[RECORDS FOR THE EXERCISE — start]

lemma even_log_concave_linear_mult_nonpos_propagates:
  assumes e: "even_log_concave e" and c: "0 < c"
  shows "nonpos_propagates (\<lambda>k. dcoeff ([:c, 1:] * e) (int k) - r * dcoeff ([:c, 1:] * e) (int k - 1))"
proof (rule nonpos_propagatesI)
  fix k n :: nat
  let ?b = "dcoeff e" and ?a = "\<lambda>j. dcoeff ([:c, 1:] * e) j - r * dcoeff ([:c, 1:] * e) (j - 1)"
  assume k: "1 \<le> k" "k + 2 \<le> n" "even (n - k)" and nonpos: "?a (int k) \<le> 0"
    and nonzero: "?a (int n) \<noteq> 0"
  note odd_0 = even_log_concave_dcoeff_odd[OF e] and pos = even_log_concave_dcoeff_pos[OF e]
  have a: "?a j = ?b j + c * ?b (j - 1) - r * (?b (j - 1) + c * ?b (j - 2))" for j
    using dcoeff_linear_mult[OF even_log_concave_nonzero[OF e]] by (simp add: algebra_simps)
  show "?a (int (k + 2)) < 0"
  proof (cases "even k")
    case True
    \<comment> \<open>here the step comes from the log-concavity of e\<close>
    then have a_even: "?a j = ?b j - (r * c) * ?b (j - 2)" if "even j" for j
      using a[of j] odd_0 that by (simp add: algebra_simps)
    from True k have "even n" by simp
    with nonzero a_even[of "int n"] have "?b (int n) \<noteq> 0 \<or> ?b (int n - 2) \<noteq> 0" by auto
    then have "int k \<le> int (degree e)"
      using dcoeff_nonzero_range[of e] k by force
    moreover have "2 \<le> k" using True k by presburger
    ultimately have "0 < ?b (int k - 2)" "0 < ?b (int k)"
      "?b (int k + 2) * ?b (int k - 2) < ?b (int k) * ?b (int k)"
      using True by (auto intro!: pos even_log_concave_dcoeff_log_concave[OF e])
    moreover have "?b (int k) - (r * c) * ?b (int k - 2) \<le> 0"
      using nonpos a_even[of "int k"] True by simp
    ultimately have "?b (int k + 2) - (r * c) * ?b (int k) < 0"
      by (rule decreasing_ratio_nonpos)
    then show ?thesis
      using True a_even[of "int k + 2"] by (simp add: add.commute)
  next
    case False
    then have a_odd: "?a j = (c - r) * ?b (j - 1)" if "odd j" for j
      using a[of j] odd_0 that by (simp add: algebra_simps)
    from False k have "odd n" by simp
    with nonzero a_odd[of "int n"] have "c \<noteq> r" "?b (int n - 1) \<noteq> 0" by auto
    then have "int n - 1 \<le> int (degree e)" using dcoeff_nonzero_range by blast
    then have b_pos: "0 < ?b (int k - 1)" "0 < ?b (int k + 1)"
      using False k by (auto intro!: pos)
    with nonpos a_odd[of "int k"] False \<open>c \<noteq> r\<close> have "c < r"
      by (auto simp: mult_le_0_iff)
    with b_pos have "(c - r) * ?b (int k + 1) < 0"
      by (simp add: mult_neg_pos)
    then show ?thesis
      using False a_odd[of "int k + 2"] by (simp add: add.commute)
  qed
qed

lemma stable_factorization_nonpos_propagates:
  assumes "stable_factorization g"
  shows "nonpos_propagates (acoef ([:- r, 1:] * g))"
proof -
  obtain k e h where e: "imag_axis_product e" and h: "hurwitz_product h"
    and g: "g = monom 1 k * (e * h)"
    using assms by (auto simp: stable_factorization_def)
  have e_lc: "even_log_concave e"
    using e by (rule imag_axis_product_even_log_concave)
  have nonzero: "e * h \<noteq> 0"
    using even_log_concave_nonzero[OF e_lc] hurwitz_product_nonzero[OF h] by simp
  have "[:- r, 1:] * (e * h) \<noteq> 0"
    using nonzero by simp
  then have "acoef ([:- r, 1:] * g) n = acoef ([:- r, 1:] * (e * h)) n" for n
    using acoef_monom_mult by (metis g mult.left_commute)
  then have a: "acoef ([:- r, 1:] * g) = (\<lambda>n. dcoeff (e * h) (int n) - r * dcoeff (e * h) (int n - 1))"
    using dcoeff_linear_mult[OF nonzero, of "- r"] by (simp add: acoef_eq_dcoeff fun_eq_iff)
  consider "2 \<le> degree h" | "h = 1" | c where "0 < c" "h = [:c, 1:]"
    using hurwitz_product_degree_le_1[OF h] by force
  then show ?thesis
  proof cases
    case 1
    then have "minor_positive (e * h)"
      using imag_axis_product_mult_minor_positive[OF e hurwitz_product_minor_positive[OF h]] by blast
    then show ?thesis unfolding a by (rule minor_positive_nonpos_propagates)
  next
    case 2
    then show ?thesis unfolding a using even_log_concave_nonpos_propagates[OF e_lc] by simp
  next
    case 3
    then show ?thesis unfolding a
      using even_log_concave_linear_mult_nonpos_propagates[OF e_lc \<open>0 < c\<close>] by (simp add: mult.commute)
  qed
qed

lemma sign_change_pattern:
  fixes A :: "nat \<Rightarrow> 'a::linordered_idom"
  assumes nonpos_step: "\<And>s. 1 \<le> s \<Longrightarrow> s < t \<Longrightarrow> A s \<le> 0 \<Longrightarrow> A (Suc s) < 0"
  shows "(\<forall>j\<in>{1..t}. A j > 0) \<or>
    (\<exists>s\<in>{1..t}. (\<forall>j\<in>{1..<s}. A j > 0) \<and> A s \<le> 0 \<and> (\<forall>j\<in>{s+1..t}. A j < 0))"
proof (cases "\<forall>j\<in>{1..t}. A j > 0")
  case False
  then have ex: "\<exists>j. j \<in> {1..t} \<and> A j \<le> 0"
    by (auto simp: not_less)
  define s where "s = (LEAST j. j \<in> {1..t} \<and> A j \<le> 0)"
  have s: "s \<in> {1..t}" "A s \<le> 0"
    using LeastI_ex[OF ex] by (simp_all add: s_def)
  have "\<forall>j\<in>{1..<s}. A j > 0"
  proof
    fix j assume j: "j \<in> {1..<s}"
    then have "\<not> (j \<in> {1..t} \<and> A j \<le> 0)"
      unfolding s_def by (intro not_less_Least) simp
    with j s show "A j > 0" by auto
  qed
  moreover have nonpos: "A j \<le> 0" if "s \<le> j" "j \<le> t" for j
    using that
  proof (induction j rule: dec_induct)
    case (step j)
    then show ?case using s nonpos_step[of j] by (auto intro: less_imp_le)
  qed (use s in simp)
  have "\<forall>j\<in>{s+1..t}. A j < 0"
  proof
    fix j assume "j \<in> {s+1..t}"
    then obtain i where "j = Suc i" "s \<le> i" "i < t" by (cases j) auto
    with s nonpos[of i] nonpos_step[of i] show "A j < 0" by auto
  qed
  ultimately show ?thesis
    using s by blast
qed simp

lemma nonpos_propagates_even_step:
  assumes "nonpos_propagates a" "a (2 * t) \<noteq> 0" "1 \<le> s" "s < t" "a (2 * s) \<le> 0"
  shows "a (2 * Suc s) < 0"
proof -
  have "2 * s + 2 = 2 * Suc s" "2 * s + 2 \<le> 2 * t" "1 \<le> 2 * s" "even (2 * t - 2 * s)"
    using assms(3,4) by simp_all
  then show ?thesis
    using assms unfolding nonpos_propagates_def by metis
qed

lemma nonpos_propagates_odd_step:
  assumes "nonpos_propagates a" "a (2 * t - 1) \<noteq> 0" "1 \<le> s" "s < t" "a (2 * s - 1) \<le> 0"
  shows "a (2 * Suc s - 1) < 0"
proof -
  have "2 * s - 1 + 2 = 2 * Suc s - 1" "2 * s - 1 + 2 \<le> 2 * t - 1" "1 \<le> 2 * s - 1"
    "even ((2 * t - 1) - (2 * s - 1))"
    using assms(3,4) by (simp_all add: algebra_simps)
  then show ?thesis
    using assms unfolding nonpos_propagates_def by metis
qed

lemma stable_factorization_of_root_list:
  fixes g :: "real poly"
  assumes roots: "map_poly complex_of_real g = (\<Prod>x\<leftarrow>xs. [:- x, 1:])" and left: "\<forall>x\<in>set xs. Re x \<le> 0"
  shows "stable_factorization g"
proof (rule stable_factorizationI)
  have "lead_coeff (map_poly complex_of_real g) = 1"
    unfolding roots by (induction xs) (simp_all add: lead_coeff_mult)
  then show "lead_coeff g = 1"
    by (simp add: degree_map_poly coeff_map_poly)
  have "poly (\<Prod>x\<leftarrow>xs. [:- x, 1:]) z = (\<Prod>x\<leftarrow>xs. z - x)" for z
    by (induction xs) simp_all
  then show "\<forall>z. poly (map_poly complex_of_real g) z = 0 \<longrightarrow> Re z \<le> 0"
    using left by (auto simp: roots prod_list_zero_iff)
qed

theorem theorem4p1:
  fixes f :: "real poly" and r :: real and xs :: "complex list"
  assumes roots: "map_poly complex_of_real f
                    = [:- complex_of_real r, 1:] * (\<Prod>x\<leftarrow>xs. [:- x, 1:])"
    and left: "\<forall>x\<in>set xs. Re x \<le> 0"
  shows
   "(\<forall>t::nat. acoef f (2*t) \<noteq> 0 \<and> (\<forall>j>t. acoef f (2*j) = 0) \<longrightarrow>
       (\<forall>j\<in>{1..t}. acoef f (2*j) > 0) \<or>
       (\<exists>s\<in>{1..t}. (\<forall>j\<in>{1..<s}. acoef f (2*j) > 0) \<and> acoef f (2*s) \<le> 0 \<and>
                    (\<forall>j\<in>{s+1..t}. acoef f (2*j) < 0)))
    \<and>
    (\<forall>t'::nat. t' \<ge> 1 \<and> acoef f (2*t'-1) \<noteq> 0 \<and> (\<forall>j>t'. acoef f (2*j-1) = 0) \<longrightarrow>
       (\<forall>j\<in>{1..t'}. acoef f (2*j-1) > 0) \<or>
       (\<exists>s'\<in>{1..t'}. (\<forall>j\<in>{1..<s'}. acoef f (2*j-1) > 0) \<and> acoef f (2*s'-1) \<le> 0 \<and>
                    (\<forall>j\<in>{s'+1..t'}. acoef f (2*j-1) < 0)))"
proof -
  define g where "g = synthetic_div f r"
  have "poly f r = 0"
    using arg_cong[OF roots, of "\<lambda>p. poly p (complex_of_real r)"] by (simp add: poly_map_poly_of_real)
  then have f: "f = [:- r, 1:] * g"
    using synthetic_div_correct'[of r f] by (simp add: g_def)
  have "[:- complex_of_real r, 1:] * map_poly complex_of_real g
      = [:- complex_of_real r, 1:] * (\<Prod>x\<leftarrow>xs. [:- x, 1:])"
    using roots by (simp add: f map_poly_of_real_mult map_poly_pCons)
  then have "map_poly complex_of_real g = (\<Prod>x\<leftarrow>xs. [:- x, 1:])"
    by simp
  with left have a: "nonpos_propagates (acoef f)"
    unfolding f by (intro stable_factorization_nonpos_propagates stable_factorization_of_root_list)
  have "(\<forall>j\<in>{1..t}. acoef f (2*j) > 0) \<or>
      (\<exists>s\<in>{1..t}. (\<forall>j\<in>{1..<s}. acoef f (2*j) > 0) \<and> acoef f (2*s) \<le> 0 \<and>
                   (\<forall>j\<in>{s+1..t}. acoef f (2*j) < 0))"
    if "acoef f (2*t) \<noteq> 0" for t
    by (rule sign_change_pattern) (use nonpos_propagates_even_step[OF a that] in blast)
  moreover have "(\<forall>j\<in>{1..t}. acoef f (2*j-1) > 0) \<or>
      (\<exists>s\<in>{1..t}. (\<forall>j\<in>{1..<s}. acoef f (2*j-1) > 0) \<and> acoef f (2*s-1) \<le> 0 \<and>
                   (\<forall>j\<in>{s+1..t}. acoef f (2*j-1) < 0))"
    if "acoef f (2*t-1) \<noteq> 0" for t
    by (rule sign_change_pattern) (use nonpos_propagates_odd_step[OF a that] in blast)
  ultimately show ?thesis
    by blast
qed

[RECORDS FOR THE EXERCISE — finish]

EXERCISE PROMPT =>
Your output should consist solely of the lines from the beginning of the entries through the line containing "using False k by (auto intro!: pos)", reproduced exactly.

TASK SOLUTION =>
lemma even_log_concave_linear_mult_nonpos_propagates:
  assumes e: "even_log_concave e" and c: "0 < c"
  shows "nonpos_propagates (\<lambda>k. dcoeff ([:c, 1:] * e) (int k) - r * dcoeff ([:c, 1:] * e) (int k - 1))"
proof (rule nonpos_propagatesI)
  fix k n :: nat
  let ?b = "dcoeff e" and ?a = "\<lambda>j. dcoeff ([:c, 1:] * e) j - r * dcoeff ([:c, 1:] * e) (j - 1)"
  assume k: "1 \<le> k" "k + 2 \<le> n" "even (n - k)" and nonpos: "?a (int k) \<le> 0"
    and nonzero: "?a (int n) \<noteq> 0"
  note odd_0 = even_log_concave_dcoeff_odd[OF e] and pos = even_log_concave_dcoeff_pos[OF e]
  have a: "?a j = ?b j + c * ?b (j - 1) - r * (?b (j - 1) + c * ?b (j - 2))" for j
    using dcoeff_linear_mult[OF even_log_concave_nonzero[OF e]] by (simp add: algebra_simps)
  show "?a (int (k + 2)) < 0"
  proof (cases "even k")
    case True
    \<comment> \<open>here the step comes from the log-concavity of e\<close>
    then have a_even: "?a j = ?b j - (r * c) * ?b (j - 2)" if "even j" for j
      using a[of j] odd_0 that by (simp add: algebra_simps)
    from True k have "even n" by simp
    with nonzero a_even[of "int n"] have "?b (int n) \<noteq> 0 \<or> ?b (int n - 2) \<noteq> 0" by auto
    then have "int k \<le> int (degree e)"
      using dcoeff_nonzero_range[of e] k by force
    moreover have "2 \<le> k" using True k by presburger
    ultimately have "0 < ?b (int k - 2)" "0 < ?b (int k)"
      "?b (int k + 2) * ?b (int k - 2) < ?b (int k) * ?b (int k)"
      using True by (auto intro!: pos even_log_concave_dcoeff_log_concave[OF e])
    moreover have "?b (int k) - (r * c) * ?b (int k - 2) \<le> 0"
      using nonpos a_even[of "int k"] True by simp
    ultimately have "?b (int k + 2) - (r * c) * ?b (int k) < 0"
      by (rule decreasing_ratio_nonpos)
    then show ?thesis
      using True a_even[of "int k + 2"] by (simp add: add.commute)
  next
    case False
    then have a_odd: "?a j = (c - r) * ?b (j - 1)" if "odd j" for j
      using a[of j] odd_0 that by (simp add: algebra_simps)
    from False k have "odd n" by simp
    with nonzero a_odd[of "int n"] have "c \<noteq> r" "?b (int n - 1) \<noteq> 0" by auto
    then have "int n - 1 \<le> int (degree e)" using dcoeff_nonzero_range by blast
    then have b_pos: "0 < ?b (int k - 1)" "0 < ?b (int k + 1)"
      using False k by (auto intro!: pos)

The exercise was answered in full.